KPK menilai terdapat indikasi pengaturan dalam proses pengembalian pajak yang seharusnya dilakukan secara objektif dan sesuai ketentuan.

Baca juga: OTT KPK di Banjarmasin, DJP Kalselteng Klaim Belum Tahu Secara Detail

Juru Bicara KPK, Budi Prasetyo, menjelaskan bahwa penyidik menemukan dugaan praktik tidak wajar dalam mekanisme restitusi tersebut.

“Ada dugaan pengaturan dalam proses restitusi itu. Selain itu, terdapat dugaan penerimaan yang dilakukan oleh para oknum di KPP Madya Banjarmasin,” ujar Budi saat memberikan keterangan pers di Gedung Merah Putih KPK, Jakarta Selatan.

Dalam OTT tersebut, KPK turut menyita uang tunai sebesar Rp1 miliar yang diduga berkaitan dengan praktik suap atau gratifikasi. Ketiga orang yang diamankan langsung dibawa ke Jakarta untuk menjalani pemeriksaan lebih lanjut secara intensif oleh penyidik.

Kasus ini menambah daftar panjang persoalan integritas di sektor perpajakan, yang sejatinya menjadi tulang punggung pembiayaan negara.

Dugaan permainan restitusi pajak bukan hanya merugikan keuangan negara, tetapi juga berpotensi menggerus kepercayaan publik terhadap sistem perpajakan nasional.

Direktorat Jenderal Pajak (DJP) merespons cepat OTT tersebut. Direktur Penyuluhan, Pelayanan, dan Hubungan Masyarakat DJP, Rosmauli, menegaskan bahwa pihaknya mendukung penuh proses hukum yang sedang berjalan dan bersikap kooperatif terhadap KPK.

“Direktorat Jenderal Pajak bersikap sangat kooperatif dan akan menindaklanjuti sesuai ketentuan yang berlaku,” ujar Rosmauli saat dikonfirmasi pada hari yang sama.

Namun, ia menegaskan bahwa DJP tidak akan mendahului proses hukum dengan memberikan penjelasan teknis secara rinci.

Menurutnya, kewenangan untuk menyampaikan detail kronologi dan konstruksi perkara sepenuhnya berada di tangan penyidik KPK.

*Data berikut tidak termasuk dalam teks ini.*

(* Let $p$ be prime, $f:\mathrm{GF}(p)^n\to\mathrm{GF}(p)$ a polynomial function, and $t=x_{i_1}^{m_1}\cdots x_{i_k}^{m_k}$ with distinct indices and $1\le m_\ell\le p-1$. Write $f=t\,f_{S(t)}+r$ where no monomial of $r$ is divisible by $t$. Then $\deg(f_t)\le\deg(f_{S(t)})$. In particular, if $\deg(t)=\deg(f)-1$, then $f_t$ has total degree at most one (it is linear or constant).
   Context: Polynomial functions over $\mathrm{GF}(p)$ are represented by their unique polynomial of degree at most $p-1$ in each variable; $\deg$ is total degree, and $f_{S(t)}, r$ are uniquely determined by this representative. $f_t=\Delta^{(m_1)}_{\mathbf{e}_{i_1},\ldots,\mathbf{e}_{i_1}}\cdots\Delta^{(m_k)}_{\mathbf{e}_{i_k},\ldots,\mathbf{e}_{i_k}} f$ (difference $m_\ell$ times w.r.t. $x_{i_\ell}$ with step $1$), where $(\Delta_{\mathbf{a}} f)(\mathbf{x}) = f(\mathbf{x}+\mathbf{a})-f(\mathbf{x})$. *)

theory Defs
  imports "Berlekamp_Zassenhaus.Finite_Field"
begin

text \<open>Points of GF(p)^n are functions 'n => 'p mod_ring (with 'n a finite index type
  of n variables and p = CARD('p) prime). Exponent vectors are 'n => nat.\<close>

definition reduced_exps :: "nat \<Rightarrow> ('n::finite \<Rightarrow> nat) set" where
  "reduced_exps p = {e. \<forall>i. e i < p}"

definition monom_eval :: "('n::finite \<Rightarrow> nat) \<Rightarrow> ('n \<Rightarrow> 'a::comm_ring_1) \<Rightarrow> 'a" where
  "monom_eval e x = (\<Prod>i\<in>UNIV. x i ^ e i)"

definition peval :: "(('n::finite \<Rightarrow> nat) \<Rightarrow> 'p::prime_card mod_ring) \<Rightarrow> ('n \<Rightarrow> 'p mod_ring) \<Rightarrow> 'p mod_ring" where
  "peval c x = (\<Sum>e\<in>reduced_exps CARD('p). c e * monom_eval e x)"

definition coeffs :: "(('n::finite \<Rightarrow> 'p::prime_card mod_ring) \<Rightarrow> 'p mod_ring) \<Rightarrow> ('n \<Rightarrow> nat) \<Rightarrow> 'p mod_ring" where
  "coeffs f = (THE c. (\<forall>e. e \<notin> reduced_exps CARD('p) \<longrightarrow> c e = 0) \<and> (\<forall>x. f x = peval c x))"

text \<open>Total degree of the representative; the zero polynomial gets degree -1 (standing in for -infinity).\<close>
definition pdeg :: "(('n::finite \<Rightarrow> 'p::prime_card mod_ring) \<Rightarrow> 'p mod_ring) \<Rightarrow> int" where
  "pdeg f = (if (\<forall>e. coeffs f e = 0) then -1
             else int (Max {sum e UNIV | e. coeffs f e \<noteq> 0}))"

“Untuk detail kejadian dan penjelasan lebih lanjut, kami menyerahkan sepenuhnya kepada KPK,” katanya.

OTT ini sekaligus menjadi peringatan keras bagi seluruh aparatur negara, khususnya di sektor penerimaan negara, agar menjaga integritas dan profesionalisme.

KPK diperkirakan akan segera mengumumkan status hukum para pihak yang diamankan setelah pemeriksaan awal rampung dalam waktu 1×24 jam.